Fast 20 Jahre lang schlugen sich die Astrophysiker mit solchen Problemen herum. Doch jetzt meldet ein Forscherteam aus Kalifornien und der Schweiz Erfolg: Sie präsentieren eine Simulation zur Entwicklung einer Galaxie - und ihr virtueller Spiralnebel ähnelt unserer Milchstraße. Die Ergebnisse zeigen außerdem: Am äußersten Rand unserer Heimatgalaxie könnten Sterne existieren, welche die Forscher bislang übersehen haben.
Die komplexe Simulation war selbst für den Großcomputer ein Kraftakt. Die Rechenmaschine zerlegte die Milchstraße zunächst in 18,6 Millionen Teile, alle standen miteinander in Wechselwirkung. Monatelang hatten drei Supercomputer gerechnet, ein PC wäre damit 570 Jahre beschäftigt gewesen. Entscheidend für die Galaxie-Entwicklung ist offenbar neben den bekannten Naturgesetzen wie Gravitation, Strahlenphysik und Hydrodynamik die mysteriöse Dunkle Materie.
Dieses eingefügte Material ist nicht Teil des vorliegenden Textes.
(* Let $B$ be a Frobenius algebra over $\mathbb{Q}$ and $n\ge0$. Then the algebra $A_n(B)$ is a Frobenius algebra.
   Context: $A_n$ is the nilCoxeter algebra: the unital $\mathbb{Q}$-algebra generated by $Y_1,\dots,Y_{n-1}$ with relations $Y_i^2=0$, $Y_iY_j=Y_jY_i$ for $|i-j|>1$, $Y_iY_{i+1}Y_i=Y_{i+1}Y_iY_{i+1}$; for $w\in S_n$ with reduced expression $w=s_{i_1}\cdots s_{i_r}$, $Y_w=Y_{i_1}\cdots Y_{i_r}$, and $\{Y_w\}_{w\in S_n}$ is a basis of $A_n$. $A_n(B)$ is the semidirect product of $A_n$ and $B^{\otimes n}$: the algebra generated by the subalgebras $A_n$ and $B^{\otimes n}$, with underlying space $A_n\otimes B^{\otimes n}$, subject to $Y_w(b_1\otimes\cdots\otimes b_n)=(b_{w(1)}\otimes\cdots\otimes b_{w(n)})Y_w$ for $w\in S_n$, $b_i\in B$. A Frobenius algebra is a finite-dimensional algebra $C$ with a linear map $\mathrm{tr}:C\to\mathbb{Q}$ such that for every nonzero $y\in C$ there is $y'$ with $\mathrm{tr}(yy')\neq0$. *)

theory Defs
  imports Complex_Main "HOL-Library.FuncSet" "HOL-Combinatorics.Permutations"
begin

text \<open>A finite-dimensional algebra over the rationals is presented by a finite basis
  index set I and structure constants m: e_i e_j = sum_k m i j k e_k.
  Elements are coefficient vectors supported on I.\<close>

definition vecs :: "'i set \<Rightarrow> ('i \<Rightarrow> rat) set" where
  "vecs I = {x. \<forall>i. i \<notin> I \<longrightarrow> x i = 0}"

definition amult :: "'i set \<Rightarrow> ('i \<Rightarrow> 'i \<Rightarrow> 'i \<Rightarrow> rat) \<Rightarrow> ('i \<Rightarrow> rat) \<Rightarrow> ('i \<Rightarrow> rat) \<Rightarrow> ('i \<Rightarrow> rat)" where
  "amult I m x y = (\<lambda>k. if k \<in> I then (\<Sum>i\<in>I. \<Sum>j\<in>I. x i * y j * m i j k) else 0)"

definition fd_algebra :: "'i set \<Rightarrow> ('i \<Rightarrow> 'i \<Rightarrow> 'i \<Rightarrow> rat) \<Rightarrow> bool" where
  "fd_algebra I m \<longleftrightarrow> finite I \<and>
     (\<forall>x\<in>vecs I. \<forall>y\<in>vecs I. \<forall>z\<in>vecs I.
        amult I m (amult I m x y) z = amult I m x (amult I m y z)) \<and>
     (\<exists>u\<in>vecs I. \<forall>x\<in>vecs I. amult I m u x = x \<and> amult I m x u = x)"

text \<open>Frobenius algebra: a linear functional tr (written through its values t on the
  basis, tr x = sum_i x i * t i) such that for every nonzero y there is y' with tr(y y') nonzero.\<close>
definition frobenius :: "'i set \<Rightarrow> ('i \<Rightarrow> 'i \<Rightarrow> 'i \<Rightarrow> rat) \<Rightarrow> bool" where
  "frobenius I m \<longleftrightarrow> fd_algebra I m \<and>
     (\<exists>t::'i \<Rightarrow> rat. \<forall>y\<in>vecs I. y \<noteq> (\<lambda>_. 0) \<longrightarrow>
        (\<exists>y'\<in>vecs I. (\<Sum>k\<in>I. amult I m y y' k * t k) \<noteq> 0))"

definition perm_length :: "nat \<Rightarrow> (nat \<Rightarrow> nat) \<Rightarrow> nat" where
  "perm_length n w = card {(i, j). i < j \<and> j < n \<and> w j < w i}"

text \<open>Basis of A_n(B) = A_n tensor B^{tensor n}: pairs (f, w), standing for
  (e_{f 0} \<otimes> ... \<otimes> e_{f (n-1)}) Y_w, with f a tuple of basis indices of B
  and w a permutation of {0..<n}.\<close>
definition AnB_basis :: "'i set \<Rightarrow> nat \<Rightarrow> ((nat \<Rightarrow> 'i) \<times> (nat \<Rightarrow> nat)) set" where
  "AnB_basis I n = {(f, w). f \<in> {..<n} \<rightarrow>\<^sub>E I \<and> w permutes {..<n}}"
Dunkle Materie lässt es leuchten
Die "Kalte Dunkle Materie" (Englisch: cold dark matter, CDM) ist eine hypothetische Form der Materie. Sie ist unsichtbar, also "dunkel", da sie mit Licht oder anderen elektromagnetischen Wellen nicht wechselwirkt. Mit ihrer Hilfe wollen die Astrophysiker beispielsweise erklären, warum Galaxien so schnell rotieren, ohne dabei von Fliehkräften zerrissen zu werden. Eine unsichtbare Substanz - eben die Dunkle Materie - scheint dies mit ihrer Schwerkraft zu verhindern. Seit Jahrzehnten fahnden die Forscher nach dem ominösen Sternenkitt, bislang jedoch erfolglos. Trotzdem gehen die meisten Astronomen von ihrer Existenz aus. Die CDM-Materie soll sogar fünfmal häufiger sein als die die Atome der konventionellen Materie - und aus dieser wiederum bestehen Galaxien, Sterne, Planeten und der ganze sichtbare Rest.
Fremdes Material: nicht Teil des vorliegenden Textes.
(* Convexity: augmenting a minimiser of size j from one of size j + 2 gives two sets of size
   j + 1 whose weights add up to the two minima. *)
lemma min_weight_convex:
  assumes M: "matroid_bases \<B>" and j: "j + 2 \<le> rank_of \<B> E"
  shows "2 * min_weight \<B> c E (j + 1) \<le> min_weight \<B> c E j + min_weight \<B> c E (j + 2)"
proof -
  obtain I where I: "indep \<B> I" "I \<subseteq> E" "card I = j" "sum c I = min_weight \<B> c E j"
    using min_weight_attained[OF M, of j E c] j by auto
  obtain J where J: "indep \<B> J" "J \<subseteq> E" "card J = j + 2" "sum c J = min_weight \<B> c E (j + 2)"
    using min_weight_attained[OF M j] by blast
  obtain y where y: "y \<in> J - I" "indep \<B> (insert y I)"
    using augment[OF M I(1) J(1)] I(3) J(3) by auto
  have "min_weight \<B> c E (card (insert y I)) \<le> sum c (insert y I)"
    using y I J(2) by (intro min_weight_le) auto
  then have up: "min_weight \<B> c E (j + 1) \<le> c y + sum c I" using y I by simp
  have "min_weight \<B> c E (card (J - {y})) \<le> sum c (J - {y})"
    using y J by (intro min_weight_le indep_subset[OF J(1)]) auto
  then have down: "min_weight \<B> c E (j + 1) \<le> sum c J - c y"
    using y J by (simp add: sum_diff1)
  show ?thesis using up down I(4) J(4) by linarith
qed

lemma convex_increments_mono:
  fixes \<psi> :: "nat \<Rightarrow> real"
  assumes convex: "\<And>j. j + 2 \<le> R \<Longrightarrow> 2 * \<psi> (j + 1) \<le> \<psi> j + \<psi> (j + 2)"
    and "i \<le> j" "j + 1 \<le> R"
  shows "\<psi> (i + 1) - \<psi> i \<le> \<psi> (j + 1) - \<psi> j"
  using assms(2,3)
proof (induction j rule: dec_induct)
  case base
  then show ?case by simp
next
  case (step n)
  then show ?case using convex[of n] by simp
qed

lemma convex_supporting_line:
  fixes \<psi> :: "nat \<Rightarrow> real"
  assumes convex: "\<And>j. j + 2 \<le> R \<Longrightarrow> 2 * \<psi> (j + 1) \<le> \<psi> j + \<psi> (j + 2)"
    and t: "t < R" and j: "j \<le> R"
  shows "\<psi> t + (\<psi> (t + 1) - \<psi> t) * (real j - real t) \<le> \<psi> j"
proof (cases "t \<le> j")
  case True
  then show ?thesis using j
  proof (induction j rule: dec_induct)
    case base
    then show ?case by simp
  next
    case (step n)
    have "\<psi> (t + 1) - \<psi> t \<le> \<psi> (n + 1) - \<psi> n"
      using convex_increments_mono[OF convex] step by simp
    then show ?case using step by (simp add: algebra_simps)
  qed
next
  case False
  then have "j \<le> t" by simp
  then show ?thesis
  proof (induction j rule: inc_induct)
    case base
    then show ?case by simp
  next
    case (step n)
    have "\<psi> (n + 1) - \<psi> n \<le> \<psi> (t + 1) - \<psi> t"
      using convex_increments_mono[OF convex] step.hyps t by simp
    then show ?case using step.IH by (simp add: algebra_simps)
  qed
qed

lemma min_weight_supporting_line:
  assumes M: "matroid_bases \<B>" and t: "t < rank_of \<B> E"
  obtains X d where "indep \<B> X" "X \<subseteq> E" "card X = t"
    "\<And>Y. indep \<B> Y \<Longrightarrow> Y \<subseteq> E \<Longrightarrow> sum c X + d * (real (card Y) - real t) \<le> sum c Y"
proof -
  let ?\<psi> = "min_weight \<B> c E"
  obtain X where X: "indep \<B> X" "X \<subseteq> E" "card X = t" "sum c X = ?\<psi> t"
    using min_weight_attained[OF M, of t E c] t by auto
  have "sum c X + (?\<psi> (t + 1) - ?\<psi> t) * (real (card Y) - real t) \<le> sum c Y"
    if "indep \<B> Y" "Y \<subseteq> E" for Y
  proof -
    have "?\<psi> t + (?\<psi> (t + 1) - ?\<psi> t) * (real (card Y) - real t) \<le> ?\<psi> (card Y)"
      using convex_supporting_line[of "rank_of \<B> E" ?\<psi>] min_weight_convex[OF M] t
        rank_of_upper[OF that] by blast
    then show ?thesis using min_weight_le[OF that, of c] X(4) by simp
  qed
  then show ?thesis using that X(1-3) by blast
qed

lemma hyperplane_crossing:
  fixes l w :: "'n::real_inner"
  assumes below: "inner a l < k" and above: "k \<le> inner a ((1 - v) *\<^sub>R l + v *\<^sub>R w)"
    and v: "0 \<le> v" "v \<le> 1"
  obtains t where "0 \<le> t" "t \<le> 1" "inner a ((1 - t) *\<^sub>R l + t *\<^sub>R w) = k"
    "(1 - v) *\<^sub>R l + v *\<^sub>R w \<in> closed_segment ((1 - t) *\<^sub>R l + t *\<^sub>R w) w"
proof -
  define al aw where "al = inner a l" and "aw = inner a w"
  have rise: "k - al \<le> v * (aw - al)"
    using above by (simp add: al_def aw_def inner_add_right algebra_simps)
  then have gap: "al < aw"
    using below v unfolding al_def by (smt (verit) mult_nonneg_nonpos)
  define t where "t = (k - al) / (aw - al)"
  have t: "0 < t" "t \<le> v" using below rise gap unfolding t_def al_def by (auto simp: field_simps)
  define h where "h = (1 - t) *\<^sub>R l + t *\<^sub>R w"
  have "inner a h = al + t * (aw - al)"
    unfolding h_def al_def aw_def by (simp add: inner_add_right algebra_simps)
  then have hk: "inner a h = k" using gap unfolding t_def by simp
  have "(1 - v) *\<^sub>R l + v *\<^sub>R w \<in> closed_segment h w"
  proof (cases "t = 1")
    case True
    then show ?thesis using t v by (simp add: h_def)
  next
    case False
    define u where "u = (v - t) / (1 - t)"
    have u: "0 \<le> u" "u \<le> 1" using t v False unfolding u_def by (auto simp: field_simps)
    have nz: "1 - t \<noteq> 0" using False by simp
    have one_minus_u: "1 - u = (1 - v) / (1 - t)" using nz unfolding u_def by (simp add: field_simps)
    have "(1 - u) * (1 - t) = 1 - v" using nz by (simp add: one_minus_u)
    moreover have "(1 - u) * t + u = v"
    proof -
      have "(1 - u) * t + u = (1 - v) / (1 - t) * t + (v - t) / (1 - t)"
        unfolding one_minus_u by (simp add: u_def)
      also have "\<dots> = ((1 - v) * t + (v - t)) / (1 - t)"
        by (simp add: add_divide_distrib)
      also have "(1 - v) * t + (v - t) = v * (1 - t)" by (simp add: algebra_simps)
      finally show ?thesis using nz by simp
    qed
    moreover have "(1 - u) *\<^sub>R h + u *\<^sub>R w = ((1 - u) * (1 - t)) *\<^sub>R l + ((1 - u) * t + u) *\<^sub>R w"
      unfolding h_def by (simp add: algebra_simps)
    ultimately have "(1 - v) *\<^sub>R l + v *\<^sub>R w = (1 - u) *\<^sub>R h + u *\<^sub>R w" by simp
    then show ?thesis using u unfolding in_segment by blast
  qed
  then show ?thesis using that[of t] t v hk unfolding h_def by simp
qed

(* If the hyperplane section of conv V lies in the hull of the points of V above the hyperplane,
   then so does the whole upper half of conv V: a point above is a combination of a point below
   and a point of that hull, and moving along this segment it is reached from the section. *)
lemma upper_half_of_hull:
  fixes V :: "'n::euclidean_space set"
  assumes slice: "convex hull V \<inter> {y. inner a y = k} \<subseteq> convex hull {v\<in>V. k \<le> inner a v}"
  shows "convex hull V \<inter> {y. k \<le> inner a y} \<subseteq> convex hull {v\<in>V. k \<le> inner a v}"
proof
  fix x assume x: "x \<in> convex hull V \<inter> {y. k \<le> inner a y}"
  let ?L = "{v\<in>V. inner a v < k}" and ?U = "{v\<in>V. k \<le> inner a v}"
  have L: "convex hull ?L \<subseteq> {y. inner a y < k}"
    by (rule hull_minimal) (auto simp: convex_halfspace_lt)
  show "x \<in> convex hull ?U"
  proof (cases "?L = {} \<or> ?U = {}")
    case True
    then have "V = ?U \<or> V = ?L" by auto
    then show ?thesis using x L by auto
  next
    case False
    have "convex hull V \<subseteq> convex hull (convex hull ?L \<union> convex hull ?U)"
    proof (rule hull_mono, rule subsetI)
      fix v assume "v \<in> V"
      then show "v \<in> convex hull ?L \<union> convex hull ?U"
        using hull_subset[of ?L convex] hull_subset[of ?U convex] by (cases "k \<le> inner a v") auto
    qed
    then have "x \<in> {u *\<^sub>R l + v *\<^sub>R w | u v l w. 0 \<le> u \<and> 0 \<le> v \<and> u + v = 1 \<and>
                         l \<in> convex hull ?L \<and> w \<in> convex hull ?U}"
      using x False convex_hull_union_two[of "convex hull ?L" "convex hull ?U"] by auto
    then obtain u v l w where xe: "x = u *\<^sub>R l + v *\<^sub>R w" and uv: "0 \<le> u" "0 \<le> v" "u + v = 1"
      and l: "l \<in> convex hull ?L" and w: "w \<in> convex hull ?U"
      by blast
    have lV: "l \<in> convex hull V" and wV: "w \<in> convex hull V"
      using l w hull_mono[of ?L V convex] hull_mono[of ?U V convex] by auto
    have xv: "x = (1 - v) *\<^sub>R l + v *\<^sub>R w" using xe uv(3) by (simp add: eq_diff_eq[symmetric])
    have below: "inner a l < k" using L l by auto
    have above: "k \<le> inner a ((1 - v) *\<^sub>R l + v *\<^sub>R w)" using x xv by simp
    obtain t where t: "0 \<le> t" "t \<le> 1"
      and hk: "inner a ((1 - t) *\<^sub>R l + t *\<^sub>R w) = k"
      and seg: "x \<in> closed_segment ((1 - t) *\<^sub>R l + t *\<^sub>R w) w"
      using hyperplane_crossing[OF below above uv(2)] uv xv by auto
    have "(1 - t) *\<^sub>R l + t *\<^sub>R w \<in> convex hull V"
      using t by (intro convexD_alt[OF convex_convex_hull lV wV]) auto
    then have "(1 - t) *\<^sub>R l + t *\<^sub>R w \<in> convex hull ?U" using slice hk by blast
    then show ?thesis
      using seg w closed_segment_subset[OF _ _ convex_convex_hull] by blast
  qed
qed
Die Dunkle Materie setzt der neuen Simulation zufolge die Galaxie-Entstehung in Gang: "Unser Ergebnis zeigt, dass eine realistische Spiralgalaxie geformt werden kann, wenn man vom Konzept der Kalten Dunklen Materie ausgeht", erklärt Lucio Mayer von der ETH Zürich. Sie ist, so die Theorie, aus schweren, langsamen Partikeln aufgebaut. In den Jugendtagen des Universums sollen sich daraus zunächst Verklumpungen gebildet haben, in die dann die gewöhnliche Materie, hauptsächlich Wasserstoff, hineinstürzte - der Startschuss für die Bildung von Sternen und Galaxien. Doch bei Simulationen solcher Prozesse konnten bislang keine Spiralgalaxien erzeugt werden. Das echte Universum hingegen ist voll davon - Zweifel an der Korrektheit der Hypothese der Kalten Dunklen Materie waren deshalb unausweichlich.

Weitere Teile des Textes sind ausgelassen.